◆ Work to complete
Report each line of the records below that holds the word "uniformly".

Stored data:
╭──

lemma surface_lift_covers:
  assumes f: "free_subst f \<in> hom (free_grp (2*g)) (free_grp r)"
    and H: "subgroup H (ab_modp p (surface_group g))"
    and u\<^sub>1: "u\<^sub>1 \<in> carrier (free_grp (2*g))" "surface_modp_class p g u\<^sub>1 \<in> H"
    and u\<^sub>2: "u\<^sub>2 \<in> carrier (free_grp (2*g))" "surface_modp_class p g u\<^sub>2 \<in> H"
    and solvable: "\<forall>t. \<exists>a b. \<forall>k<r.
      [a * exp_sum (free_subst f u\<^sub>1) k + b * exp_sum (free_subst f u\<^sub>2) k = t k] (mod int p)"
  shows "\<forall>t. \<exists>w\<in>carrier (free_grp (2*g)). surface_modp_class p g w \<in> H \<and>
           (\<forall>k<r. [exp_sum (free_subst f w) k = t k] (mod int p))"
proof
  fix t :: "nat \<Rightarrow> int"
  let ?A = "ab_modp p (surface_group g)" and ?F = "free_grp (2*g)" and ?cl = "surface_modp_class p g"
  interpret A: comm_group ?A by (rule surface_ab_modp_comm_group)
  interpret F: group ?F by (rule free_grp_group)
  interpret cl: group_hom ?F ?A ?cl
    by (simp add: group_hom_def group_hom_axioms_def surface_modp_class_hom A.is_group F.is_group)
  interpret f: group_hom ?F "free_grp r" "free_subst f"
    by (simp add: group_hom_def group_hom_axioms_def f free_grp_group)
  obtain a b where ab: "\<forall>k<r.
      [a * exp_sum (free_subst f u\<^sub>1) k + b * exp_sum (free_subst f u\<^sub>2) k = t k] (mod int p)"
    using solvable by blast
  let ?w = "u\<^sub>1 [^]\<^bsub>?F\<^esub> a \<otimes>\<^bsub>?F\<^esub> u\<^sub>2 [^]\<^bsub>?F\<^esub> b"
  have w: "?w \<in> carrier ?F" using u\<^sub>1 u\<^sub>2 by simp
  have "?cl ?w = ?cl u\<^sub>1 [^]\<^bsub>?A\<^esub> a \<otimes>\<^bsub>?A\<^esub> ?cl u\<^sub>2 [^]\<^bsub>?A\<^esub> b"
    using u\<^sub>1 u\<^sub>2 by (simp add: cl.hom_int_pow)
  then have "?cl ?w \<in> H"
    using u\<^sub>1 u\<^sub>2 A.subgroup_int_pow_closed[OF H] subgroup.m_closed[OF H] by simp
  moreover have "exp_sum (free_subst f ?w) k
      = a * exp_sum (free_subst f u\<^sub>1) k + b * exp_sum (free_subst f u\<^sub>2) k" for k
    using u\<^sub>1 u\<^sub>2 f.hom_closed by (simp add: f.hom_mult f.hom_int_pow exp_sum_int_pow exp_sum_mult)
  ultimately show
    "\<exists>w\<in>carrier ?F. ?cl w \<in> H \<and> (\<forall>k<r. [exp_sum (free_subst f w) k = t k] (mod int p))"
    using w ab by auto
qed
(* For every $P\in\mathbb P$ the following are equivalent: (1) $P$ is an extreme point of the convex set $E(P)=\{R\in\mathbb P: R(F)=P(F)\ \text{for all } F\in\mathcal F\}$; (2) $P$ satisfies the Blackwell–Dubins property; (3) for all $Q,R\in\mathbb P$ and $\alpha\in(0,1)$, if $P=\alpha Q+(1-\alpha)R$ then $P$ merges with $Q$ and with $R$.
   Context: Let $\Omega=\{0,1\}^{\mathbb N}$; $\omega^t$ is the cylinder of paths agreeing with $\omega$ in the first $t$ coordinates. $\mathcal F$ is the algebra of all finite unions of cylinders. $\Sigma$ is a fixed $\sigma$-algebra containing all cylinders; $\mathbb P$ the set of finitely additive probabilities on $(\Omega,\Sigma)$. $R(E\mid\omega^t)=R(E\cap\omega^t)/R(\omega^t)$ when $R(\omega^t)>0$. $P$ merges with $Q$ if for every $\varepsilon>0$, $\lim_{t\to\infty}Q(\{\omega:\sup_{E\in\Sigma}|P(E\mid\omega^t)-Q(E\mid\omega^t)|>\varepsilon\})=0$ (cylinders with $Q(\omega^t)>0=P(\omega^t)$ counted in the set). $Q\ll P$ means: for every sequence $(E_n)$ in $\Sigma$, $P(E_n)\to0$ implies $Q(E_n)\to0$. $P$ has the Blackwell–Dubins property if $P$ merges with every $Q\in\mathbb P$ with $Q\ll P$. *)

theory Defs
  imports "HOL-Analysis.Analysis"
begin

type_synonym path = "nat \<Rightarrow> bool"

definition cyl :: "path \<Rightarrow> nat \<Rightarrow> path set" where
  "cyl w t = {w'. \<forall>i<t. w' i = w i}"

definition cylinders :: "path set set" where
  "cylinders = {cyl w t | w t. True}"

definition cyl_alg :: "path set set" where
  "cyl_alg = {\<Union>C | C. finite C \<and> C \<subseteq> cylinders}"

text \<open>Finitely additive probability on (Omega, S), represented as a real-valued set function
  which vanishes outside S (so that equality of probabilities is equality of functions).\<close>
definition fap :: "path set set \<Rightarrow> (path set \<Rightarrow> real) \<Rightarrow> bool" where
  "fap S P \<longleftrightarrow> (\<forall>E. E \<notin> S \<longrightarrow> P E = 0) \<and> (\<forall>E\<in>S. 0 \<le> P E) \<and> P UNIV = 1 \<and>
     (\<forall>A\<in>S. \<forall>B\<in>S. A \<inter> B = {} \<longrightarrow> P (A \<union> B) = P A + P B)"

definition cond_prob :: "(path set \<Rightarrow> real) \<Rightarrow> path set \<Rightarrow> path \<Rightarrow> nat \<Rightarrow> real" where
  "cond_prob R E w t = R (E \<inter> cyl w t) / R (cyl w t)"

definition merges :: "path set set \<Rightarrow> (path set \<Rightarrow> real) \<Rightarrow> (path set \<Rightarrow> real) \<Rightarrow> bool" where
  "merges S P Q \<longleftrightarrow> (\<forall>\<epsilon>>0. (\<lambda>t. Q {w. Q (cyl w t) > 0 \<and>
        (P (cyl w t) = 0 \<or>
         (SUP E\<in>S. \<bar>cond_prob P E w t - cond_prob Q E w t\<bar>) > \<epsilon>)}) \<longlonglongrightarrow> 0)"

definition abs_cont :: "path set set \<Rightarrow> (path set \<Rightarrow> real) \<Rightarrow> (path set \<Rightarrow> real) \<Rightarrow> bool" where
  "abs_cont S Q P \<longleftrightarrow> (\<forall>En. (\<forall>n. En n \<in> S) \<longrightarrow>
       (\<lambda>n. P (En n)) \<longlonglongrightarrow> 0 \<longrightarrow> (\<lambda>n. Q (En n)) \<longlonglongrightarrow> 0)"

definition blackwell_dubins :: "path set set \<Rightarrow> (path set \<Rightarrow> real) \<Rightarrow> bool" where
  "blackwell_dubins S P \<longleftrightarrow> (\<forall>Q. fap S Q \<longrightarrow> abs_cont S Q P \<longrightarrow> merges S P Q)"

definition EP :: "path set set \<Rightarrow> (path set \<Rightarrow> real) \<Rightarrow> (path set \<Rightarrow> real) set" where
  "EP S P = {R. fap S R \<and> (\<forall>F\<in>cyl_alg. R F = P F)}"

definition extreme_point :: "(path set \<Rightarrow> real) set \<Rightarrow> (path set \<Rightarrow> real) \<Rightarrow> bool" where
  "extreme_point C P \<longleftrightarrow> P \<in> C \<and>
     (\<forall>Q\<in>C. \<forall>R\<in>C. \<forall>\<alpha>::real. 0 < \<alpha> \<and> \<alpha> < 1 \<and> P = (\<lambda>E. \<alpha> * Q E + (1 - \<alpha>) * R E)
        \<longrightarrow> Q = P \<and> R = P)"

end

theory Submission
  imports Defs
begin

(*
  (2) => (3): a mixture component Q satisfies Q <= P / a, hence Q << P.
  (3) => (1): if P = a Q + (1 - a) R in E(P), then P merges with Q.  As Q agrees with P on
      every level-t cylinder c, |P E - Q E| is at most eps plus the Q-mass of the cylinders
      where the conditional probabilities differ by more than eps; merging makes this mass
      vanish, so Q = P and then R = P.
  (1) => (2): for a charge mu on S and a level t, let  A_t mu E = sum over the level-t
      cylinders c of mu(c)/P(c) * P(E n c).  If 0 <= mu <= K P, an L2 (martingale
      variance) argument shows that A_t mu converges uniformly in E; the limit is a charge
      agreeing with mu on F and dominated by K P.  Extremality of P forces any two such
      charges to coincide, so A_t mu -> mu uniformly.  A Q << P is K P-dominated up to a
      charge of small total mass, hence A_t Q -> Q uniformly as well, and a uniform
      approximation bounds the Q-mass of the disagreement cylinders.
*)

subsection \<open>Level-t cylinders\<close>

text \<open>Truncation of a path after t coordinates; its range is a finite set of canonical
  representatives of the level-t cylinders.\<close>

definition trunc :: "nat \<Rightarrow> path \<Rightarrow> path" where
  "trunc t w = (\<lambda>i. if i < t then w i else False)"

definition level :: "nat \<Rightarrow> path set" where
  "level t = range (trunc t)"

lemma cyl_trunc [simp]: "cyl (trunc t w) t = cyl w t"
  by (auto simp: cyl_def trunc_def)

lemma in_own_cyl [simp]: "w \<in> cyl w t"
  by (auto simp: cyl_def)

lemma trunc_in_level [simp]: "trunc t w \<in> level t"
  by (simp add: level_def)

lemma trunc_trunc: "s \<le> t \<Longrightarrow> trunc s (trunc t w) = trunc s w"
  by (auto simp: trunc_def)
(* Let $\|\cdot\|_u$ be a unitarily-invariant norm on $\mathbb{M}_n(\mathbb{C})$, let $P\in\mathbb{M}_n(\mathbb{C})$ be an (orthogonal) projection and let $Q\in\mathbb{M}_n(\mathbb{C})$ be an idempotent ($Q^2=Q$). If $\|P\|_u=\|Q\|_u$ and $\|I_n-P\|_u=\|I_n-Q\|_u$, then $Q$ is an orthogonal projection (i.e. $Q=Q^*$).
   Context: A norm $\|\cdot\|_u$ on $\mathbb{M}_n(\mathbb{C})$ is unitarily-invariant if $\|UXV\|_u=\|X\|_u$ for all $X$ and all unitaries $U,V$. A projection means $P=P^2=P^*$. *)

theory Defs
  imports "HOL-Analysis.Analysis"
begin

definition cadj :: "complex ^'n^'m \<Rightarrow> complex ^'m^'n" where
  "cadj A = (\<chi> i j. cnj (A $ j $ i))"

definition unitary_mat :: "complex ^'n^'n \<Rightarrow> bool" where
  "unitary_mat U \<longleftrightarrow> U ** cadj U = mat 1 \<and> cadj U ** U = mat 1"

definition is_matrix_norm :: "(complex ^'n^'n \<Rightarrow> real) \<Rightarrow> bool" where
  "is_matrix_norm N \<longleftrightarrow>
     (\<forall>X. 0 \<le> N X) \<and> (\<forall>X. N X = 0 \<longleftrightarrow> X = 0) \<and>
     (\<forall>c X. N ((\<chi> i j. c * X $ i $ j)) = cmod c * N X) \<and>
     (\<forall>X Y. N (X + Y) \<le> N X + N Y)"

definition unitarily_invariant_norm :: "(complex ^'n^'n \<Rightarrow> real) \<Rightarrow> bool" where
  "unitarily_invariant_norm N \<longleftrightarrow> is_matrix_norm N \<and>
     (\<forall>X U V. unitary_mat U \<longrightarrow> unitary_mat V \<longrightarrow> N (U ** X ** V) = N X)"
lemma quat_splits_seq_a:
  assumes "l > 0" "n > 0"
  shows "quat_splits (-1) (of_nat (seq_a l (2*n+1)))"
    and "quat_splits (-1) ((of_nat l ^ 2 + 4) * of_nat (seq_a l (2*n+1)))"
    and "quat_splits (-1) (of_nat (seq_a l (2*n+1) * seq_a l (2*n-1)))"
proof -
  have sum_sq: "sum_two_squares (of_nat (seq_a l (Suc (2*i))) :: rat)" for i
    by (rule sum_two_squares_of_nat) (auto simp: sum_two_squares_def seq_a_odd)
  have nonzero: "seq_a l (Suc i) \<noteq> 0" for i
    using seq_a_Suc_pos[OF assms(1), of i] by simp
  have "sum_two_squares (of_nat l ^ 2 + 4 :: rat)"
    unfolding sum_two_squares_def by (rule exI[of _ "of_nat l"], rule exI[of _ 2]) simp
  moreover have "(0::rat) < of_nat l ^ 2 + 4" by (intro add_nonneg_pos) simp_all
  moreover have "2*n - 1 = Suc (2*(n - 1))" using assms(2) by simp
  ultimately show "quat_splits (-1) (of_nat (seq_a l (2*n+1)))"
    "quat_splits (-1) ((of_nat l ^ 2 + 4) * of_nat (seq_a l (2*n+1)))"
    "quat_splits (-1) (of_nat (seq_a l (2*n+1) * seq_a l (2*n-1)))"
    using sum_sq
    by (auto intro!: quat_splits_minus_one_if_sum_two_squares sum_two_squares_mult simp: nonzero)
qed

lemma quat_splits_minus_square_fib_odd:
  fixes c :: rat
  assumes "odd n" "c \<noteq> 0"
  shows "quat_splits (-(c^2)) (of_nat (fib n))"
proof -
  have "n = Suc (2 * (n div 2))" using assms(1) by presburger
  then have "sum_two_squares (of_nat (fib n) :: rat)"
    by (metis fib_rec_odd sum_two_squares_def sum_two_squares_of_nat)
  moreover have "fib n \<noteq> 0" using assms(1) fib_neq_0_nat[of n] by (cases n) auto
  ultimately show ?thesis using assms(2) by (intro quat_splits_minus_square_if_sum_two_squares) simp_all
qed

╰──

◆ Solution
      variance) argument shows that A_t mu converges uniformly in E; the limit is a charge
      charges to coincide, so A_t mu -> mu uniformly.  A Q << P is K P-dominated up to a
      charge of small total mass, hence A_t Q -> Q uniformly as well, and a uniform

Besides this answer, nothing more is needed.